As explained in [12], early detection of outbreaks can be achieved in 3 ways: first, by prompt recognition and reporting of disease case reports. Here, we could find most of flu and AGE cases by syndromic descriptions fed in the data transmissions table. Second, by improving the ability to recognize patterns indicative of a possible outbreak early in its course, using analytic tools, counting syndromes by NH, and building time series with the surveillance package. Third, by exploiting data that can signify an outbreak earlier in its course. More specifically, adding hospitalizations and deaths syndromes to the ARI_ILI, AGE syndromes allowed us to assess the flu and AGE outbreaks intensities as well as their severities long before the French health authorities this last season and follow precisely and locally the residents’ syndromic population because of the NH and residents’ indexes.

This framework with its 3 components, wholly described in Figure 1, has shown its efficacy as a public health SS for early detection of outbreaks. By bringing to light new data not available elsewhere when needed, this SSS improves NH ARI-ILI epidemics’ knowledge. Its tools’ efficacy could even be quantified by assessing syndromes’ precision, stability, flexibility, timeliness, representativeness, and finally algorithms’ quality [12,66].
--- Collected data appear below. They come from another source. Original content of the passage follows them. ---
theorem mainTheorem4:
  fixes S :: "'a set" and op :: "'a \<Rightarrow> 'a \<Rightarrow> 'a" and n :: nat
  assumes "finite S" and "card S = n" and "n \<ge> 2"
    and "cycle_set S op"
    and "square_free S op"
    and "perm_group_abelian S op"
  shows "cs_class S op \<le> a_seq n"
proof -
  interpret commuting_permutations S S op
  proof
    show "bij_betw (op s) S S" if "s \<in> S" for s
      using assms(4) that by (simp add: cycle_set_def)
  qed (use assms(1) left_comm_if_perm_group_abelian[OF assms(4,6)] in auto)
  define D where "D = card ` (S // orbit_rel)"
  have D: "finite D" "D \<noteq> {}" "0 \<notin> D" "\<Sum>D \<le> n"
    using finite_S assms(2,3) equiv_orbit_rel zero_notin_card_classes sum_card_classes_le
    by (auto simp: D_def finite_quotient equiv_type)
  have "cs_class S op \<le> Lcm D"
    unfolding cs_class_def
  proof (rule Least_le, intro conjI ballI)
    show "1 \<le> Lcm D" using D(3) Lcm_0_iff[OF D(1)] by (metis One_nat_def Suc_leI neq0_conv)
    show "psik S op (Lcm D) s t = t" if "s \<in> S" "t \<in> S" for s t
      using that assms(4,5) funpow_Lcm_card_classes by (simp add: psik_eq_funpow D_def)
  qed
  also have "Lcm D \<le> \<Prod>D" using D(1,3) by (rule Lcm_le_prod_nat)
  also have "\<Prod>D \<le> a_seq n" using D by (rule prod_le_a_seq)
  finally show ?thesis .
qed

end
text \<open>The Cauchy-Schwarz hypothesis \<open>CS\<close> first bounds \<open>N\<close> linearly in \<open>wA\<close>, which turns the
  quadratic bound on \<open>P\<close> into a linear one.\<close>

lemma pair_count_bootstrap:
  fixes wA N P m Q :: real
  assumes wA: "0 < wA" and N0: "0 \<le> N" and m0: "0 \<le> m" and m1: "m \<le> 1/100"
    and Q0: "0 \<le> Q" and Q1: "Q * wA \<le> 1/4"
    and P_le: "P \<le> m * N + Q * N\<^sup>2" and CS: "N\<^sup>2 \<le> wA * (P + N)"
  shows "P \<le> (27/20 * m + 91/50 * (Q * wA)) * wA"
proof -
  have N_le: "N \<le> 101/75 * wA"
  proof (cases "N = 0")
    case False
    have "wA * (P + N) \<le> wA * (m * N + Q * N\<^sup>2 + N)" using P_le wA by simp
    then have "N\<^sup>2 \<le> wA * (m * N + Q * N\<^sup>2 + N)" using CS by linarith
    then have "N * N \<le> N * (wA * (m + 1) + (Q * wA) * N)"
      by (simp add: power2_eq_square algebra_simps)
    then have "N \<le> wA * (m + 1) + (Q * wA) * N" using False N0 by simp
    also have "\<dots> \<le> wA * (101/100) + (1/4) * N"
      using wA m1 Q1 N0 by (intro add_mono mult_left_mono mult_right_mono) simp_all
    finally show ?thesis by simp
  qed (use wA in simp)
  have "P \<le> m * N + Q * N\<^sup>2" by (rule P_le)
  also have "\<dots> \<le> m * (101/75 * wA) + Q * (101/75 * wA)\<^sup>2"
    using m0 Q0 N0 N_le by (intro add_mono mult_left_mono power_mono) simp_all
  also have "\<dots> = (101/75 * m + 10201/5625 * (Q * wA)) * wA"
    by (simp add: power2_eq_square algebra_simps)
  also have "\<dots> \<le> (27/20 * m + 91/50 * (Q * wA)) * wA"
    using wA m0 Q0 by (intro mult_right_mono add_mono) simp_all
  finally show ?thesis .
qed

lemma exists_dyadic_scale:
  fixes b g :: real
  assumes "0 \<le> g"
  shows "\<exists>J\<le>M. b / 2 ^ J \<le> max (2 * g) (b / 2 ^ M) \<and> (0 < J \<longrightarrow> g \<le> b / 2 ^ J)"
proof (cases "g \<le> b / 2 ^ M")
  case True
  then show ?thesis by (intro exI[of _ M]) simp
next
  case False
  define J where "J = (LEAST j. b / 2 ^ j < 2 * g)"
  have below_M: "b / 2 ^ M < 2 * g" using False assms by simp
  have "J \<le> M" "b / 2 ^ J < 2 * g"
    unfolding J_def using below_M by (auto intro: Least_le LeastI)
  moreover have "g \<le> b / 2 ^ J" if "0 < J"
  proof -
    have "\<not> b / 2 ^ (J - 1) < 2 * g"
      unfolding J_def by (rule not_less_Least) (use that J_def in simp)
    moreover have "b / 2 ^ (J - 1) = 2 * (b / 2 ^ J)" using that by (cases J) simp_all
    ultimately show ?thesis by simp
  qed
  ultimately show ?thesis by (intro exI[of _ J]) simp
qed

lemma real_pred_le_pairs: "real (n - 1) \<le> real n * (real n - 1) / 2"
proof (cases n)
  case (Suc m)
  have "real m \<le> real m * real m" by (cases m) simp_all
  then show ?thesis using Suc by (simp add: algebra_simps)
qed simp

lemma sum_two_powers_le: "(\<Sum>i\<in>{1..J}. (2::real) ^ i) \<le> 2 * 2 ^ J"
  by (induction J) (simp_all add: sum.cl_ivl_Suc)

lemma dyadic_density_sum_le:
  fixes b C \<rho> :: real
  assumes b: "0 < b" and C: "0 < C" and \<rho>: "0 < \<rho>"
    and scale: "0 < J \<Longrightarrow> 2 * C * sqrt \<rho> \<le> b / 2 ^ J"
  shows "C\<^sup>2 * \<rho> / b * (\<Sum>i\<in>{1..J}. 2 ^ i) \<le> C * sqrt \<rho>"
proof (cases "J = 0")
  case False
  have "C\<^sup>2 * \<rho> / b * (\<Sum>i\<in>{1..J}. 2 ^ i) \<le> C\<^sup>2 * \<rho> / b * (2 * 2 ^ J)"
    using C \<rho> b sum_two_powers_le by (intro mult_left_mono) simp_all
  also have "\<dots> = 2 * (C\<^sup>2 * \<rho>) / (b / 2 ^ J)" by simp
  also have "\<dots> \<le> 2 * (C\<^sup>2 * \<rho>) / (2 * C * sqrt \<rho>)"
    using scale False C \<rho> b by (intro divide_left_mono) simp_all
  also have "\<dots> = C * sqrt \<rho>"
    using C \<rho> by (simp add: power2_eq_square real_div_sqrt field_simps)
  finally show ?thesis .
qed (use C \<rho> in simp)

lemma sqrt_density_bound:
  fixes s k \<alpha> \<beta> \<rho> :: real
  assumes s: "2 \<le> s" and \<alpha>: "0 \<le> \<alpha>" "\<alpha> < 1" and \<beta>: "0 \<le> \<beta>" "\<beta> < 1" and k: "1 \<le> k"
    and \<rho>0: "0 \<le> \<rho>"
    and \<rho>: "\<rho> < 7 * (1 - \<alpha>)\<^sup>2 * (1 - \<beta>) ^ 3 / (64 * (1 + 15 * \<beta>) * s ^ 3 * (s - 1) ^ 4) * (1 / k\<^sup>2)"
  shows "k * (s - 1)\<^sup>2 * sqrt \<rho> \<le> 117/1000 * ((1 - \<alpha>) * (1 - \<beta>))"
proof -
  define c where "c = (1 - \<alpha>) * (1 - \<beta>)"
  define C where "C = (s - 1)\<^sup>2"
  have C0: "0 < C" and c0: "0 < c" unfolding C_def c_def using s \<alpha> \<beta> by simp_all
  have num: "(1 - \<alpha>)\<^sup>2 * (1 - \<beta>) ^ 3 \<le> c\<^sup>2"
  proof -
    have "(1 - \<alpha>)\<^sup>2 * (1 - \<beta>) ^ 3 = c\<^sup>2 * (1 - \<beta>)"
      unfolding c_def by (simp add: power2_eq_square power3_eq_cube)
    also have "\<dots> \<le> c\<^sup>2" using \<beta> by (simp add: mult_left_le)
    finally show ?thesis .
  qed
  have "(2::real) ^ 3 \<le> s ^ 3" using s by (intro power_mono) simp_all
  then have "64 * 1 * 8 \<le> 64 * (1 + 15 * \<beta>) * s ^ 3" using \<beta> by (intro mult_mono) simp_all
  moreover have "(s - 1) ^ 4 = C\<^sup>2" unfolding C_def by (simp flip: power_mult)
  ultimately have den: "512 * C\<^sup>2 \<le> 64 * (1 + 15 * \<beta>) * s ^ 3 * (s - 1) ^ 4"
    using C0 by (simp add: mult_right_mono)
  have "0 < 512 * C\<^sup>2" using C0 by simp
  then have den_pos: "0 < 64 * (1 + 15 * \<beta>) * s ^ 3 * (s - 1) ^ 4" using den by linarith
  have "\<rho> < 7 * (1 - \<alpha>)\<^sup>2 * (1 - \<beta>) ^ 3 / (64 * (1 + 15 * \<beta>) * s ^ 3 * (s - 1) ^ 4) / k\<^sup>2"
    using \<rho> by simp
  also have "\<dots> \<le> 7 * c\<^sup>2 / (64 * (1 + 15 * \<beta>) * s ^ 3 * (s - 1) ^ 4) / k\<^sup>2"
    using num den_pos by (intro divide_right_mono) simp_all
  also have "\<dots> \<le> 7 * c\<^sup>2 / (512 * C\<^sup>2) / k\<^sup>2"
    using den C0 den_pos by (intro divide_right_mono divide_left_mono) simp_all
  finally have \<rho>_le: "\<rho> \<le> 7 * c\<^sup>2 / (512 * C\<^sup>2) / k\<^sup>2" by simp
  have "(k * C * sqrt \<rho>)\<^sup>2 = k\<^sup>2 * C\<^sup>2 * \<rho>" using \<rho>0 by (simp add: power_mult_distrib)
  also have "\<dots> \<le> k\<^sup>2 * C\<^sup>2 * (7 * c\<^sup>2 / (512 * C\<^sup>2) / k\<^sup>2)"
    using \<rho>_le by (intro mult_left_mono) simp_all
  also have "\<dots> \<le> (117/1000 * c)\<^sup>2" using k C0 by (simp add: field_simps power2_eq_square)
  finally have "k * C * sqrt \<rho> \<le> 117/1000 * c"
    by (rule power2_le_imp_le) (use c0 in simp)
  then show ?thesis unfolding c_def C_def .
qed
(* Let $\mathcal G(\mathcal V,\mathcal E)$ be the interference graph of a cellular network. In the uplink, let $\mathbf H_{uv}\in\mathbb C^{N\times M}$ be the channel from the transmitter of cell $v$ to the receiver of cell $u$ (zero if $(u,v)\notin\mathcal E$, $u\ne v$), and let $\pi$ be a decoding order. Suppose degrees of freedom $\{d_v\}_{v\in\mathcal V}$ are achieved in the uplink by one-shot linear interference alignment under the network interference cancellation (decoded-message passing) framework with order $\pi$, with transmit beamformers $\mathbf V_v\in\mathbb C^{M\times d_v}$ and receive beamformers $\mathbf U_u\in\mathbb C^{N\times d_u}$, i.e. $$\mathbf U_u^{\mathrm H}\mathbf H_{uv}\mathbf V_v=0\quad\text{for all }(u,v)\in\mathcal E\text{ with }u\prec_\pi v,\qquad \operatorname{rank}(\mathbf U_v^{\mathrm H}\mathbf H_{vv}\mathbf V_v)=d_v\ \ \forall v\in\mathcal V.$$ Consider the downlink of the same network with reciprocal channels $\overline{\mathbf H}_{uv}=\mathbf H_{vu}^{\mathrm H}\in\mathbb C^{M\times N}$ (from base-station $v$, with $N$ antennas, to the receiver of cell $u$, with $M$ antennas), the reversed encoding order $\overline\pi$ defined by $u\prec_{\overline\pi}v\iff v\prec_\pi u$, and beamformers $\overline{\mathbf V}_v=\mathbf U_v\in\mathbb C^{N\times d_v}$ (transmit) and $\overline{\mathbf U}_u=\mathbf V_u\in\mathbb C^{M\times d_u}$ (receive). Then $$\overline{\mathbf U}_u^{\mathrm H}\overline{\mathbf H}_{uv}\overline{\mathbf V}_v=0\quad\text{for all }(u,v)\in\mathcal E\text{ with }u\prec_{\overline\pi}v,\qquad \operatorname{rank}(\overline{\mathbf U}_v^{\mathrm H}\overline{\mathbf H}_{vv}\overline{\mathbf V}_v)=d_v\ \ \forall v\in\mathcal V,$$ and consequently, under the successive dirty-paper coding framework with encoding order $\overline\pi$ (in which each base-station quantizes its DPC signal at rate $\log P$ per stream and shares it over the backhaul with later-encoding neighbors), every cell $u$ achieves $d_u$ degrees of freedom in the downlink.
   Context: Interference graph: an undirected graph $\mathcal G(\mathcal V,\mathcal E)$ whose vertices represent transmit–receive pairs (cells) and whose edges indicate interfering neighbors. A decoding/encoding order $\pi$ is a partial order $\prec_\pi$ on $\mathcal V$; cell $v$ decodes (encodes) before cell $u$ if $v\prec_\pi u$. In the uplink decoded-message passing framework, the receiver of cell $u$ can cancel interference from neighbors $v$ with $v\prec_\pi u$ (already decoded), so only interference from neighbors $v$ with $u\prec_\pi v$ must be aligned/zero-forced. In the downlink successive DPC framework with order $\overline\pi$, after DPC the receiver of cell $u$ sees only interference from neighbors $v$ with $u\prec_{\overline\pi}v$ plus Gaussian noise whose covariance is $\mathbf I+\sum_{v:\,v\prec_{\overline\pi}u}\overline{\mathbf H}_{uv}\overline{\mathbf V}_v\overline{\mathbf V}_v^{\mathrm H}\overline{\mathbf H}_{uv}^{\mathrm H}$, independent of $P$. Cell $u$ achieves $d_u$ degrees of freedom if its achievable rate $R_u(P)$ satisfies $\lim_{P\to\infty}R_u(P)/\log P=d_u$, where $P$ is the transmit power. *)

theory Defs
  imports "Jordan_Normal_Form.Schur_Decomposition" "Jordan_Normal_Form.DL_Rank"
begin
lemma penalty_term_increment_le:
  assumes "\<rho> > 0" "\<alpha> > 0" "1 < \<nu>" "\<nu> \<le> 2" "\<epsilon> \<ge> 0" "L \<ge> 0" "C \<ge> 0" "\<sigma> > 0"
    and t: "g l y - g l x = \<alpha> * t" "\<bar>t\<bar> \<le> L" "\<bar>t - s\<bar> \<le> \<epsilon>"
    and margin: "l \<in> Glog g m x0 \<Longrightarrow> \<sigma> \<le> - g l x"
    and small: "L * \<alpha> \<le> \<sigma> / 2" "2 * L\<^sup>2 * \<alpha> \<le> \<epsilon> * \<sigma>" "L * \<alpha> \<le> C * \<rho>"
  shows "penalty_term g m x0 \<nu> \<rho> l y - penalty_term g m x0 \<nu> \<rho> l x
     \<le> \<alpha> * (lam g m x0 \<nu> l x \<rho> * s + 2 * \<epsilon> * lam g m x0 \<nu> l x \<rho> + L * \<nu> * (1 + C))"
proof -
  define lam_x where "lam_x = lam g m x0 \<nu> l x \<rho>"
  have bl: "\<bar>g l y - g l x\<bar> \<le> L * \<alpha>" using t assms(2) by (simp add: abs_mult mult.commute mult_right_mono)
  have "lam_x \<ge> 0" unfolding lam_x_def using assms margin by (intro lam_nonneg) auto
  then have "lam_x * (t - s) \<le> lam_x * \<epsilon>" using t(3) by (intro mult_left_mono) auto
  moreover have "0 \<le> \<epsilon> * lam_x" "0 \<le> L * \<nu> * (1 + C)" using \<open>lam_x \<ge> 0\<close> assms by simp_all
  ultimately have tt: "lam_x * t + \<epsilon> * lam_x \<le> lam_x * s + 2 * \<epsilon> * lam_x + L * \<nu> * (1 + C)"
    "lam_x * t + L * \<nu> * (1 + C) \<le> lam_x * s + 2 * \<epsilon> * lam_x + L * \<nu> * (1 + C)"
    by (simp_all add: algebra_simps)
  show ?thesis
  proof (cases "l \<in> Glog g m x0")
    case True
    have "penalty_term g m x0 \<nu> \<rho> l y - penalty_term g m x0 \<nu> \<rho> l x
        \<le> \<rho> / (- g l x) * (g l y - g l x) + \<alpha> * \<epsilon> * (\<rho> / (- g l x))"
      using log_barrier_increment_bound(2)[OF assms(1,2,8) margin[OF True] bl small(1,2)] True
      unfolding penalty_term_def by simp
    also have "\<dots> = \<alpha> * (lam_x * t + \<epsilon> * lam_x)" using True t(1) unfolding lam_x_def lam_def by (simp add: algebra_simps)
    also have "\<dots> \<le> \<alpha> * (lam_x * s + 2 * \<epsilon> * lam_x + L * \<nu> * (1 + C))"
      using tt(1) assms(2) by (intro mult_left_mono) auto
    finally show ?thesis unfolding lam_x_def .
  next
    case False
    have "penalty_term g m x0 \<nu> \<rho> l y - penalty_term g m x0 \<nu> \<rho> l x
        \<le> \<nu> * (max (g l x) 0 / \<rho>) powr (\<nu> - 1) * (g l y - g l x) + \<alpha> * (L * \<nu> * (1 + C))"
      using max_penalty_increment_bound[OF assms(1,3,4) bl small(3)] False
      unfolding penalty_term_def by (simp add: right_diff_distrib)
    also have "\<dots> = \<alpha> * (lam_x * t + L * \<nu> * (1 + C))" using False t(1) unfolding lam_x_def lam_def by (simp add: algebra_simps)
    also have "\<dots> \<le> \<alpha> * (lam_x * s + 2 * \<epsilon> * lam_x + L * \<nu> * (1 + C))"
      using tt(2) assms(2) by (intro mult_left_mono) auto
    finally show ?thesis unfolding lam_x_def .
  qed
qed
For the AGE data, even with lots of cases, a good correlation could be found for every winter season between the NH alarm weeks and Sentinelles outbreak weeks (as shown in the last row in Table 3 by the small distance value of 0.471). The first ones almost always precede the latter by several weeks, except for the 2014-2015 winter where the AGE epidemic essentially reached senior citizens in NH [85]. During last winter, the AGE outbreak started at the same time as in other NH in France.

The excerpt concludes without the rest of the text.